◆ **ACTIVITY**
Output only the stretch of the listing that starts at the line containing "text \<open>X^(n) is" and ends at the line containing "Phi (the characteristic", reproduced exactly with both ends.

Top of DATA EXCERPTS

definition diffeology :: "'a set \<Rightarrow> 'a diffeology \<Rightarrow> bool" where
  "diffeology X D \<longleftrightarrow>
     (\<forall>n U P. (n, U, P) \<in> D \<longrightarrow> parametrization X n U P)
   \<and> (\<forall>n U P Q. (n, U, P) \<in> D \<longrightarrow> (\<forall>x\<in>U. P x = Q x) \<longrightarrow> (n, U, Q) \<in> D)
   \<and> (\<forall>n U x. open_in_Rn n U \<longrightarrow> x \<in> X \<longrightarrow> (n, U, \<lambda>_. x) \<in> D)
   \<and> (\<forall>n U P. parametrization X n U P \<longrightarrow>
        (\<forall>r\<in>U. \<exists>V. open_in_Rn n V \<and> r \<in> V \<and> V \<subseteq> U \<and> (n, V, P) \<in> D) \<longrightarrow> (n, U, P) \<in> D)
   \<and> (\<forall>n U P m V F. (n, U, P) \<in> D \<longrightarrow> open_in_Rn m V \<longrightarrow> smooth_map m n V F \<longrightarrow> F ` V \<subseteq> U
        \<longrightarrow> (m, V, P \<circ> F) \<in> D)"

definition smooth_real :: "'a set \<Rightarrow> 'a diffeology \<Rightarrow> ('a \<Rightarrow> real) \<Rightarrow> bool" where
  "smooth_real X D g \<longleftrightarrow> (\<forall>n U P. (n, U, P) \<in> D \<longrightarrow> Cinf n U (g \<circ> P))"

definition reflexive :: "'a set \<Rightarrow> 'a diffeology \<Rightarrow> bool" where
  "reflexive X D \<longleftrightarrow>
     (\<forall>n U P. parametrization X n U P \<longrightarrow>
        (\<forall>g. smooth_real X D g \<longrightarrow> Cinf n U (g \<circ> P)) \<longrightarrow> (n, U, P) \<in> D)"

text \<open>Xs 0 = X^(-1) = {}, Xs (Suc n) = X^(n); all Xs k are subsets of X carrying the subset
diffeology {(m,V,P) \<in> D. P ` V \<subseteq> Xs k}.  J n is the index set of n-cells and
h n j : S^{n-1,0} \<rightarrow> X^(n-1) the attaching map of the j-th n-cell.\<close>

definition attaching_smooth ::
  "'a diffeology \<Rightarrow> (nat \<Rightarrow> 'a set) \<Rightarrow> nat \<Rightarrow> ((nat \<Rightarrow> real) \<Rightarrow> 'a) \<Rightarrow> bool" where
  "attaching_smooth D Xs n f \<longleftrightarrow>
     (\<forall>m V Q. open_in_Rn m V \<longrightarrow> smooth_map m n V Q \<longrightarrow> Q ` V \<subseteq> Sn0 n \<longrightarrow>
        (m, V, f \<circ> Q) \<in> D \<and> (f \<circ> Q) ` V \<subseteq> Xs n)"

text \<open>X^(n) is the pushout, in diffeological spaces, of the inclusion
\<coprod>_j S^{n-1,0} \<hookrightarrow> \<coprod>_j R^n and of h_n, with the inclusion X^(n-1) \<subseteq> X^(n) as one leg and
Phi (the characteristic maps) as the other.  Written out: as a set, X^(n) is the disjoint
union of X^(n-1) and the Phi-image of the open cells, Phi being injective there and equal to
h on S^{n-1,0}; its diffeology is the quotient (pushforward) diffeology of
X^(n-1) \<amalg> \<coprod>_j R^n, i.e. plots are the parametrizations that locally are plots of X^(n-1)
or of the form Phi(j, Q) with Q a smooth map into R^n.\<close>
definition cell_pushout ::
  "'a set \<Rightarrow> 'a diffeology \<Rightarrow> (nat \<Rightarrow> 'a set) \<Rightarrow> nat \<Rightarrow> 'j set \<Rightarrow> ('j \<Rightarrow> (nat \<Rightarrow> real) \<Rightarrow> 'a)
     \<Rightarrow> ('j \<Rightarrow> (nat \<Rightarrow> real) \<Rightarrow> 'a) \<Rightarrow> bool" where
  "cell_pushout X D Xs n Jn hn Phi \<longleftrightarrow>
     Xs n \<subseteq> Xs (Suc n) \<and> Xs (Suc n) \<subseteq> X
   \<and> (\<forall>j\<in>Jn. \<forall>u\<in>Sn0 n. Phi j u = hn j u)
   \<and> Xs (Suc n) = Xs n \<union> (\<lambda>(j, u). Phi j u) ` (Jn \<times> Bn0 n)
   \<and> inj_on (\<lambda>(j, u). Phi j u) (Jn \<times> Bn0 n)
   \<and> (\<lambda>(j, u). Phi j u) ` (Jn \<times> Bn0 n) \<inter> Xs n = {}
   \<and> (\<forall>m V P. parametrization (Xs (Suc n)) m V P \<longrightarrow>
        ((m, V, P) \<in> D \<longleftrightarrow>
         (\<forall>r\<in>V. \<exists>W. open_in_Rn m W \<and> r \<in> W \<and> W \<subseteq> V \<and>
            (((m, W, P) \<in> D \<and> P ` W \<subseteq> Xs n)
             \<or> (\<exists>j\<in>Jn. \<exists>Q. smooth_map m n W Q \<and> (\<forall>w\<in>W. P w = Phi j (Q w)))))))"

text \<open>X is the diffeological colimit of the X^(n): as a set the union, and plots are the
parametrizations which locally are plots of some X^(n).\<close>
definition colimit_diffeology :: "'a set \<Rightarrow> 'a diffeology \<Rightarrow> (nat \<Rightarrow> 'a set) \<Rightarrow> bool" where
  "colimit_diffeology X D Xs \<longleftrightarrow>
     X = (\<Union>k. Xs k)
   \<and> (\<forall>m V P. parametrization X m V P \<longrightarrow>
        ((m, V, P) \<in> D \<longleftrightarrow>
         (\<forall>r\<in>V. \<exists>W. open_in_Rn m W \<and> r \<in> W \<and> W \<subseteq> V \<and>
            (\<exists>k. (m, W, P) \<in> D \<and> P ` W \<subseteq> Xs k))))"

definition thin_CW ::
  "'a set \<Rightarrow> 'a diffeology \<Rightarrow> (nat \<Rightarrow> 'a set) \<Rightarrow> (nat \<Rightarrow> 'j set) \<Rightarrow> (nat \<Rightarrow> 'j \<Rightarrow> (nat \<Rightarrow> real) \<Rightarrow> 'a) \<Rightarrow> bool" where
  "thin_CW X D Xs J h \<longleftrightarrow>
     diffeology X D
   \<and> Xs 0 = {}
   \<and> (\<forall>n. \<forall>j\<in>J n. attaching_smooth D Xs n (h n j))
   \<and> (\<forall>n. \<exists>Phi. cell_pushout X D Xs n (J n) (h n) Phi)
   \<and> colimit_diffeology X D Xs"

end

Bottom of DATA EXCERPTS

◆ **EXERCISE RESULT**
text \<open>X^(n) is the pushout, in diffeological spaces, of the inclusion
\<coprod>_j S^{n-1,0} \<hookrightarrow> \<coprod>_j R^n and of h_n, with the inclusion X^(n-1) \<subseteq> X^(n) as one leg and
Phi (the characteristic maps) as the other.  Written out: as a set, X^(n) is the disjoint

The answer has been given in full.